October 11: At 11:30 am, it’s director Roberto Rossellini’s beautiful and moving story of the life of St. Francis, The Flowers of St. Francis (1950). Composed of short vignettes, it was written by Rossellini, Fellini, and two Italian priests. Except for famed Italian comic actor Aldo Fabrizi, the rest of the cast is comprised of non-actors. As St. Francis, Rossellini cast a real-life Franciscan monk, Brother Nazario Gerardi.

October 13: From director Costa-Gavras and star Yves Montand comes the political double feature of Z (1969), based on the 1963 assassination of Grigoris Lambrakis, an antiwar activist and liberal member of the Greek legislature, at 3:15 pm, and The Confession (1970) an extremely harrowing story based on an autobiographical book by the married Artur and Lise London, who were targets in the Slánský Trial of 1952 in Czechoslovakia. Fourteen notable Communists, most of them Jewish, were accused of espionage for Western nations and after the show trial, 11 of then were executed, with three sentenced to life. Their sentences were commuted when Alexander Dubcek came to power.

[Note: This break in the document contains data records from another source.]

definition Gamma2L where
  "Gamma2L V V0 f p =
     (Lop V V0 (GammaL V V0 f) p - 2 * GammaL_bil V V0 f (Lop V V0 f) p) / 2"

definition pvf_app :: "(real^'k \<Rightarrow> real^'k) \<Rightarrow> ((real^'k) \<times> (real^'k) \<Rightarrow> real)
    \<Rightarrow> (real^'k) \<times> (real^'k) \<Rightarrow> real" where
  "pvf_app V g z = frechet_derivative g (at z) (V (fst z), 0)"

definition dxi :: "'k::finite \<Rightarrow> ((real^'k) \<times> (real^'k) \<Rightarrow> real) \<Rightarrow> (real^'k) \<times> (real^'k) \<Rightarrow> real" where
  "dxi i g z = frechet_derivative g (at z) (0, axis i 1)"

definition calL :: "('k::finite \<Rightarrow> real^'k \<Rightarrow> real^'k) \<Rightarrow> (real^'k \<Rightarrow> real^'k)
    \<Rightarrow> (real^'k \<Rightarrow> real^'k) \<Rightarrow> ((real^'k) \<times> (real^'k) \<Rightarrow> real) \<Rightarrow> (real^'k) \<times> (real^'k) \<Rightarrow> real" where
  "calL V V0 \<sigma> g z = (\<Sum>i\<in>UNIV. pvf_app (V i) (pvf_app (V i) g) z) + pvf_app V0 g z
      + (\<Sum>i\<in>UNIV. \<sigma> (fst z) $ i * dxi i g z)"

definition Gamma where
  "Gamma V V0 \<sigma> f z = (calL V V0 \<sigma> (\<lambda>w. (f w)\<^sup>2) z - 2 * f z * calL V V0 \<sigma> f z) / 2"

text \<open>Bilinear carre du champ of calL in its first-order form:
  for smooth f, g this equals (calL(fg) - f calL g - g calL f)/2; it is used with
  g = calL f, which is only C^1 in p when sigma is C^1.\<close>
definition Gamma_bil where
  "Gamma_bil V f g z = (\<Sum>i\<in>UNIV. pvf_app (V i) f z * pvf_app (V i) g z)"

definition Gamma2 where
  "Gamma2 V V0 \<sigma> f z =
     (calL V V0 \<sigma> (Gamma V V0 \<sigma> f) z - 2 * Gamma_bil V f (calL V V0 \<sigma> f) z) / 2"

definition GammaZ where
  "GammaZ f z = (\<Sum>i\<in>UNIV. (dxi i f z)\<^sup>2)"

definition GammaZ_bil where
  "GammaZ_bil f g z = (\<Sum>i\<in>UNIV. dxi i f z * dxi i g z)"

definition Gamma2Z where
  "Gamma2Z V V0 \<sigma> f z =
     (calL V V0 \<sigma> (GammaZ f) z - 2 * GammaZ_bil f (calL V V0 \<sigma> f) z) / 2"

definition sigma_grad_norm :: "('k::finite \<Rightarrow> real^'k \<Rightarrow> real^'k) \<Rightarrow> (real^'k \<Rightarrow> real^'k) \<Rightarrow> real^'k \<Rightarrow> real" where
  "sigma_grad_norm V \<sigma> p =
     sqrt (\<Sum>i\<in>UNIV. \<Sum>j\<in>UNIV. (vf_app (V i) (\<lambda>q. \<sigma> q $ j) p)\<^sup>2)"

end

theory Submission
  imports Defs
begin

(* For smooth f the drift sigma . grad_xi is a first-order operator, so
   Gamma(f) = sum_i (V_i f)^2 with V_i acting in p. Neither the fields nor sigma depend on xi,
   so d/dxi_j commutes with every V_i and with calL; this gives Gamma2^Z(f) = sum_j Gamma(d f/dxi_j) >= 0.
   In Gamma2(f) the only new contribution compared with Gamma2^L of the slice f(., xi) comes from
   the commutators [V_i, sigma . grad_xi] f = sum_j (V_i sigma_j) df/dxi_j, so
   Gamma2(f) = Gamma2^L(f(., xi)) - sum_ij V_i f (V_i sigma_j) df/dxi_j.
   The curvature hypothesis bounds the first term by rho Gamma(f), and Cauchy-Schwarz followed by
   AM-GM bounds the cross term by C_sigma/2 (Gamma(f) + Gamma^Z(f)). *)

section \<open>Directional derivatives and smoothness\<close>

lemma dderiv_has_derivative:
  "g differentiable (at x) \<Longrightarrow> (g has_derivative (\<lambda>v. dderiv v g x)) (at x)"
  unfolding dderiv_def using frechet_derivative_works by auto

lemma dderiv_eq_derivative: "(g has_derivative g') (at x) \<Longrightarrow> dderiv v g x = g' v"
  unfolding dderiv_def using frechet_derivative_at by metis

lemma dderiv_add:
  "g differentiable (at x) \<Longrightarrow> h differentiable (at x) \<Longrightarrow>
   dderiv v (\<lambda>y. g y + h y) x = dderiv v g x + dderiv v h x"
  by (rule dderiv_eq_derivative[where g'="\<lambda>v. dderiv v g x + dderiv v h x", simplified])
     (intro has_derivative_add dderiv_has_derivative)

lemma dderiv_mult:
  fixes g h :: "'a::real_normed_vector \<Rightarrow> real"
  shows "g differentiable (at x) \<Longrightarrow> h differentiable (at x) \<Longrightarrow>
   dderiv v (\<lambda>y. g y * h y) x = g x * dderiv v h x + dderiv v g x * h x"
  by (rule dderiv_eq_derivative[where g'="\<lambda>v. g x * dderiv v h x + dderiv v g x * h x", simplified])
     (intro has_derivative_mult dderiv_has_derivative)

lemma dderiv_power2:
  fixes g :: "'a::real_normed_vector \<Rightarrow> real"
  shows "g differentiable (at x) \<Longrightarrow> dderiv v (\<lambda>y. (g y)\<^sup>2) x = 2 * g x * dderiv v g x"
  using dderiv_mult[of g x g v] by (simp add: power2_eq_square)

lemma dderiv_const [simp]: "dderiv v (\<lambda>y. c) x = 0"
  by (rule dderiv_eq_derivative[where g'="\<lambda>v. 0", simplified]) (rule has_derivative_const)

lemma dderiv_sum:
  "finite I \<Longrightarrow> (\<And>i. i \<in> I \<Longrightarrow> f i differentiable (at x)) \<Longrightarrow>
   dderiv v (\<lambda>y. \<Sum>i\<in>I. f i y) x = (\<Sum>i\<in>I. dderiv v (f i) x)"
  by (rule dderiv_eq_derivative[where g'="\<lambda>v. \<Sum>i\<in>I. dderiv v (f i) x", simplified])
     (intro has_derivative_sum dderiv_has_derivative)

lemma linear_dderiv: "g differentiable (at x) \<Longrightarrow> linear (\<lambda>v. dderiv v g x)"
  unfolding dderiv_def using linear_frechet_derivative by auto

lemma dderiv_zero: "g differentiable (at x) \<Longrightarrow> dderiv 0 g x = 0"
  using linear_0[OF linear_dderiv] by auto

lemma dderiv_basis_expansion:
  fixes g :: "'a::euclidean_space \<Rightarrow> real"
  assumes "g differentiable (at x)"
  shows "dderiv u g x = (\<Sum>b\<in>Basis. (u \<bullet> b) * dderiv b g x)"
proof -
  have "dderiv (\<Sum>b\<in>Basis. (u \<bullet> b) *\<^sub>R b) g x = (\<Sum>b\<in>Basis. (u \<bullet> b) * dderiv b g x)"
    by (simp add: linear_sum[OF linear_dderiv[OF assms]] linear_scale[OF linear_dderiv[OF assms]])
  then show ?thesis by (simp add: euclidean_representation)
qed

lemma has_derivative_comp_fst:
  assumes "c differentiable (at (fst z))"
  shows "((\<lambda>z. c (fst z)) has_derivative (\<lambda>v. dderiv (fst v) c (fst z))) (at z)"
  using has_derivative_compose[OF has_derivative_fst[OF has_derivative_ident]
      dderiv_has_derivative[OF assms]]
  by simp

lemma dderiv_comp_fst:
  assumes "c differentiable (at (fst z))"
  shows "dderiv v (\<lambda>z. c (fst z)) z = dderiv (fst v) c (fst z)"
  using dderiv_eq_derivative[OF has_derivative_comp_fst[OF assms]] by simp

lemma differentiable_comp_fst:
  fixes c :: "'a::real_normed_vector \<Rightarrow> real"
  assumes "c differentiable (at (fst z))"
  shows "(\<lambda>z. c (fst z)) differentiable (at z)"
  using has_derivative_comp_fst[OF assms] unfolding differentiable_def by blast

lemma has_derivative_slice:
  "F differentiable (at (p, \<xi>)) \<Longrightarrow>
   ((\<lambda>p. F (p, \<xi>)) has_derivative (\<lambda>u. dderiv (u, 0) F (p, \<xi>))) (at p)"
proof -
  assume F: "F differentiable (at (p, \<xi>))"
  have "((\<lambda>p. (p, \<xi>)) has_derivative (\<lambda>u. (u, 0))) (at p)"
    by (intro has_derivative_Pair has_derivative_ident has_derivative_const)
  from has_derivative_compose[OF this dderiv_has_derivative[OF F]] show ?thesis by simp
qed

lemma dderiv_slice:
  assumes "F differentiable (at (p, \<xi>))"
  shows "dderiv u (\<lambda>p. F (p, \<xi>)) p = dderiv (u, 0) F (p, \<xi>)"
  using dderiv_eq_derivative[OF has_derivative_slice[OF assms]] by simp

lemma differentiable_slice:
  fixes F :: "'a::real_normed_vector \<times> 'b::real_normed_vector \<Rightarrow> real"
  assumes "F differentiable (at (p, \<xi>))"
  shows "(\<lambda>p. F (p, \<xi>)) differentiable (at p)"
  using has_derivative_slice[OF assms] unfolding differentiable_def by blast

lemma smooth_imp_differentiable: "smooth g \<Longrightarrow> g differentiable (at x)"
  unfolding smooth_def by (metis foldr_Nil id_apply)

lemma smooth_dderiv: "smooth g \<Longrightarrow> smooth (dderiv v g)"
  unfolding smooth_def by (metis foldr_append foldr_Cons foldr_Nil comp_id id_apply)

lemma smooth_foldr_dderiv: "smooth g \<Longrightarrow> smooth (foldr dderiv vs g)"
  unfolding smooth_def by (metis foldr_append)

definition differentiable_upto :: "nat \<Rightarrow> ('a::real_normed_vector \<Rightarrow> real) \<Rightarrow> bool" where
  "differentiable_upto n g \<longleftrightarrow>
     (\<forall>vs x. length vs \<le> n \<longrightarrow> foldr dderiv vs g differentiable (at x))"

lemma smooth_iff_differentiable_upto: "smooth g \<longleftrightarrow> (\<forall>n. differentiable_upto n g)"
  unfolding smooth_def differentiable_upto_def by auto

lemma foldr_dderiv_add:
  assumes "differentiable_upto n A" "differentiable_upto n B" "length vs \<le> n"
  shows "foldr dderiv vs (\<lambda>x. A x + B x) = (\<lambda>x. foldr dderiv vs A x + foldr dderiv vs B x)"
  using assms(3)
proof (induction vs)
  case (Cons v vs)
  then have "foldr dderiv vs A differentiable (at x)" "foldr dderiv vs B differentiable (at x)" for x
    using assms(1,2) unfolding differentiable_upto_def by auto
  with Cons show ?case by (auto intro!: ext dderiv_add)
qed simp

lemma differentiable_upto_add:
  "differentiable_upto n A \<Longrightarrow> differentiable_upto n B \<Longrightarrow> differentiable_upto n (\<lambda>x. A x + B x)"
  unfolding differentiable_upto_def[of n "\<lambda>x. A x + B x"]
  by (simp add: foldr_dderiv_add differentiable_add)
     (auto simp: differentiable_upto_def intro: differentiable_add)

lemma smooth_add: "smooth A \<Longrightarrow> smooth B \<Longrightarrow> smooth (\<lambda>x. A x + B x)"
  using differentiable_upto_add smooth_iff_differentiable_upto by metis

lemma smooth_const: "smooth (\<lambda>x. c)"
  unfolding smooth_def
proof (intro allI)
  fix vs :: "'a list" and x
  have "\<exists>c'. foldr dderiv vs (\<lambda>x. c) = (\<lambda>x. c')"
    by (induction vs) auto
  then show "foldr dderiv vs (\<lambda>x. c) differentiable (at x)" by auto
qed

lemma differentiable_upto_mult:
  fixes g h :: "'a::real_normed_vector \<Rightarrow> real"
  shows "smooth g \<Longrightarrow> smooth h \<Longrightarrow> differentiable_upto n (\<lambda>x. g x * h x)"
proof (induction n arbitrary: g h)
  case 0
  then show ?case
    unfolding differentiable_upto_def by (auto intro: differentiable_mult smooth_imp_differentiable)
next
  case (Suc n)
  show ?case unfolding differentiable_upto_def
  proof (intro allI impI)
    fix vs :: "'a list" and x assume len: "length vs \<le> Suc n"
    show "foldr dderiv vs (\<lambda>x. g x * h x) differentiable (at x)"
    proof (cases vs rule: rev_exhaust)
      case Nil
      then show ?thesis using Suc.prems by (auto intro: differentiable_mult smooth_imp_differentiable)
    next
      case (snoc ws v)
      have "dderiv v (\<lambda>x. g x * h x) = (\<lambda>x. g x * dderiv v h x + dderiv v g x * h x)"
        using Suc.prems by (auto intro!: ext dderiv_mult smooth_imp_differentiable)
      moreover have "differentiable_upto n (\<lambda>x. g x * dderiv v h x + dderiv v g x * h x)"
        using Suc smooth_dderiv by (intro differentiable_upto_add) blast+
      ultimately show ?thesis using len snoc unfolding differentiable_upto_def by simp
    qed
  qed
qed

lemma smooth_mult: "smooth g \<Longrightarrow> smooth h \<Longrightarrow> smooth (\<lambda>x. (g x :: real) * h x)"
  using differentiable_upto_mult smooth_iff_differentiable_upto by blast

lemma smooth_power2: "smooth g \<Longrightarrow> smooth (\<lambda>x. (g x)\<^sup>2)"
  using smooth_mult[of g g] by (simp add: power2_eq_square)

lemma smooth_sum: "finite I \<Longrightarrow> (\<And>i. i \<in> I \<Longrightarrow> smooth (f i)) \<Longrightarrow> smooth (\<lambda>x. \<Sum>i\<in>I. f i x)"
  by (induction I rule: finite_induct) (auto intro: smooth_const smooth_add)

lemma smooth_comp_fst:
  assumes "smooth c"
  shows "smooth (\<lambda>z :: 'a::real_normed_vector \<times> 'b::real_normed_vector. c (fst z))"
proof -
  have "foldr dderiv vs (\<lambda>z :: 'a \<times> 'b. c (fst z)) = (\<lambda>z. foldr dderiv (map fst vs) c (fst z))" for vs
    by (induction vs)
       (auto intro!: ext dderiv_comp_fst smooth_imp_differentiable smooth_foldr_dderiv assms)
  then show ?thesis
    using assms unfolding smooth_def by (auto intro: differentiable_comp_fst)
qed

lemma smooth_slice:
  assumes "smooth F"
  shows "smooth (\<lambda>p. F (p, \<xi>))"
proof -
  have "foldr dderiv vs (\<lambda>p. F (p, \<xi>)) = (\<lambda>p. foldr dderiv (map (\<lambda>u. (u, 0)) vs) F (p, \<xi>))" for vs
    by (induction vs)
       (auto intro!: ext dderiv_slice smooth_imp_differentiable smooth_foldr_dderiv assms)
  then show ?thesis
    using assms unfolding smooth_def by (auto intro: differentiable_slice)
qed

LIONS AND LIONS AND LIONS, OH MY!

October 1: At 2:00 am, TCM throws us to the lions beginning with Roar (1981), starring the mother-daughter team of Tippi Hedren and Melanie Griffith about an environmentalist’s estranged family visiting his home in Africa only to find it overrun with wild animals. At 3:45, it’s the animal classic Born Free (1965), the hit tearjerker about Elsa the lioness, with the husband and wife team of Virginia McKenna and Bill Travers, no strangers to animal-themed movies. 

PRE-CODE

October 3: Three in a row beginning at 6:00 am with John Gilbert and Renee Adoree in Redemption (1930); the Woody Van Dyke directed The Cuban Love Song (1931) at 7:15 with Lawrence Tibbett and Lupe Velez in a story of an ex-marine returning to Cuba to find the child he fathered; and at 8:45 the comedy, The Prodigal (1931) with Tibbett and Esther Ralston about a wealthy Southern boy who decides to take to the road as a hobo.

October 4: Four Buster Keaton movies, beginning at 7:30 am with the classic The Cameraman from 1928. Following is Spite Marriage (1929) at 9:00, Free and Easy (1930) at 10:30, and Parlor, Bedroom and Bath (1931) at 12:15 pm. It’s interesting to watch them in a row and witness MGM sucking the creative life out of one of the most brilliant comedians in the history of the movies.

October 14: Cheeky young race car driver William Haines zooms not into the winner’s circle in Speedway (1929) at 6:00 am while co-star Anita Page looks on adoringly.

THE B-HIVE

October 7: Spend the entire morning and afternoon with Dr. Kildare as TCM runs all the classic MGM films about there good doctor beginning with Young Dr. Kildare (1938) at 6:00 am. Read our essay about it here.


October 12: Philo Vance (Edmund Lowe) suspects there’s more than meets the eye when he investigates a mysterious series of suicides in 1936’s The Garden Murder Case from MGM. Virginia Bruce is along for the ride.